A hundred yards downstream from Glass, a pack of eight wolves also watched the great bull and the outliers he guarded. The alpha male sat on his haunches near a clump of sage. All afternoon he had waited patiently for the moment that just arrived, the moment when a gap emerged between the outliers and the rest of the herd. A gap. A fatal weakness. The big wolf raised himself suddenly to all fours.
The alpha male stood tall but narrow. His legs seemed ungainly, knobby and somehow oddly proportioned to his coal-black body. His two pups wrestled playfully near the river. Some of the wolves lay sleeping, placid as barnyard hounds. Taken together, the animals seemed more like pets than predators, though they all perked to life at the sudden movement from the big male.
It wasn’t until the wolves began to move that their lethal strength became obvious. The strength was not derivative of muscularity or grace. Rather it flowed from a single-minded intelligence that made their movements deliberate, relentless. The individual animals converged into a lethal unit, cohering in the collective strength of the pack.
The alpha male trotted toward the gap between the outliers and the herd, breaking into a full run after a few yards. The pack fanned out behind him with a precision and unity of purpose that struck Glass as almost military. The pack poured into the gap. Even the pups seemed to grasp the purpose of their enterprise. Buffalo on the edge of the main herd retreated, pushing their calves in front of them before turning outward, shoulder to shoulder in a line against the wolves. The gap widened with the movement of the main herd, stranding the bull and a dozen other buffalo outside its perimeter.

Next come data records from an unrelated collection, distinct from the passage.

(* For a positive integer $g$, let $t_g$ denote the number of numerical semigroups $\Lambda$ of genus $g$ satisfying $f(\Lambda) < 3m(\Lambda)$. Let $\varphi = \frac{1+\sqrt5}{2}$. Then \[ \lim_{g \to \infty} t_g \varphi^{-g} = \frac{\varphi}{\sqrt 5} + \frac{1}{\sqrt 5} \sum_{k = 1}^{\infty} \sum_{A \in \mathcal A_k} \varphi^{ - |(A + A)\cap[0, k]| + |A| - k - 1}. \]
   Context: A numerical semigroup is a subset $\Lambda\subseteq\mathbb{N}_0$ closed under addition, containing $0$, with finite complement in $\mathbb{N}_0$. Its genus $g(\Lambda)$ is $|\mathbb{N}_0\setminus\Lambda|$, its multiplicity $m(\Lambda)$ is its smallest nonzero element, and its Frobenius number $f(\Lambda)$ is the largest element of $\mathbb{N}_0\setminus\Lambda$. For integers $a\le b$, $[a,b]=\{a,a+1,\dots,b\}$. For $A\subseteq\mathbb{Z}$, $A+A=\{a_1+a_2: a_1,a_2\in A\}$. For a positive integer $k$, $\mathcal A_k = \{A \subseteq [0, k-1] : 0 \in A \text{ and } k \notin A + A\}$. *)

theory Defs
  imports "HOL-Analysis.Analysis"
begin

definition numerical_semigroup :: "nat set \<Rightarrow> bool" where
  "numerical_semigroup S \<longleftrightarrow> 0 \<in> S \<and> (\<forall>a\<in>S. \<forall>b\<in>S. a + b \<in> S) \<and> finite (UNIV - S)"

definition genus :: "nat set \<Rightarrow> nat" where
  "genus S = card (UNIV - S)"

definition multiplicity :: "nat set \<Rightarrow> nat" where
  "multiplicity S = (LEAST x. x \<in> S \<and> x \<noteq> 0)"

text \<open>Frobenius number: largest gap (only meaningful when the gap set is nonempty).\<close>
definition frobenius :: "nat set \<Rightarrow> nat" where
  "frobenius S = Max (UNIV - S)"

definition sumset :: "int set \<Rightarrow> int set" where
  "sumset A = {a1 + a2 | a1 a2. a1 \<in> A \<and> a2 \<in> A}"

definition calA :: "nat \<Rightarrow> int set set" where
  "calA k = {A. A \<subseteq> {0..int k - 1} \<and> 0 \<in> A \<and> int k \<notin> sumset A}"

definition t_count :: "nat \<Rightarrow> nat" where
  "t_count g = card {S. numerical_semigroup S \<and> genus S = g \<and> frobenius S < 3 * multiplicity S}"

end

theory Submission
  imports Defs "HOL-Number_Theory.Fib"
begin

The great bull charged, catching one wolf with its horn and tossing the yelping animal twenty feet. The wolves snarled and growled, snapping with brutal fangs at exposed flanks. Most of the outliers broke for the main herd, realizing instinctively that their safety lay in numbers.
The alpha male nipped at the tender haunch of a calf. Confused, the calf broke away from the herd, toward the steep bank by the river. Collectively aware of the deadly error, the pack fell instantly behind its prey. Bawling as it ran, the calf dashed wildly ahead. It tumbled over the bank, snapping its leg in the fall. The calf struggled to regain its feet. Its broken leg dangled in an odd direction and then collapsed completely when the calf tried to plant it. The calf fell to the ground and the pack was on it. Fangs planted themselves in every part of its body. The alpha male sunk its teeth into the tender throat and ripped.
The calf’s last stand took place no more than seventy-five yards down the bank from Glass. He watched with a mixture of fascination and fear, glad that his vantage point lay downwind. The pack focused its complete attention on the calf. The alpha male and his mate ate first, their bloody snouts buried in the soft underbelly. They let the pups eat, but not the others. Occasionally another wolf would slink up to the fallen prey, only to be sent scrambling by a snap or snarl from the big black male.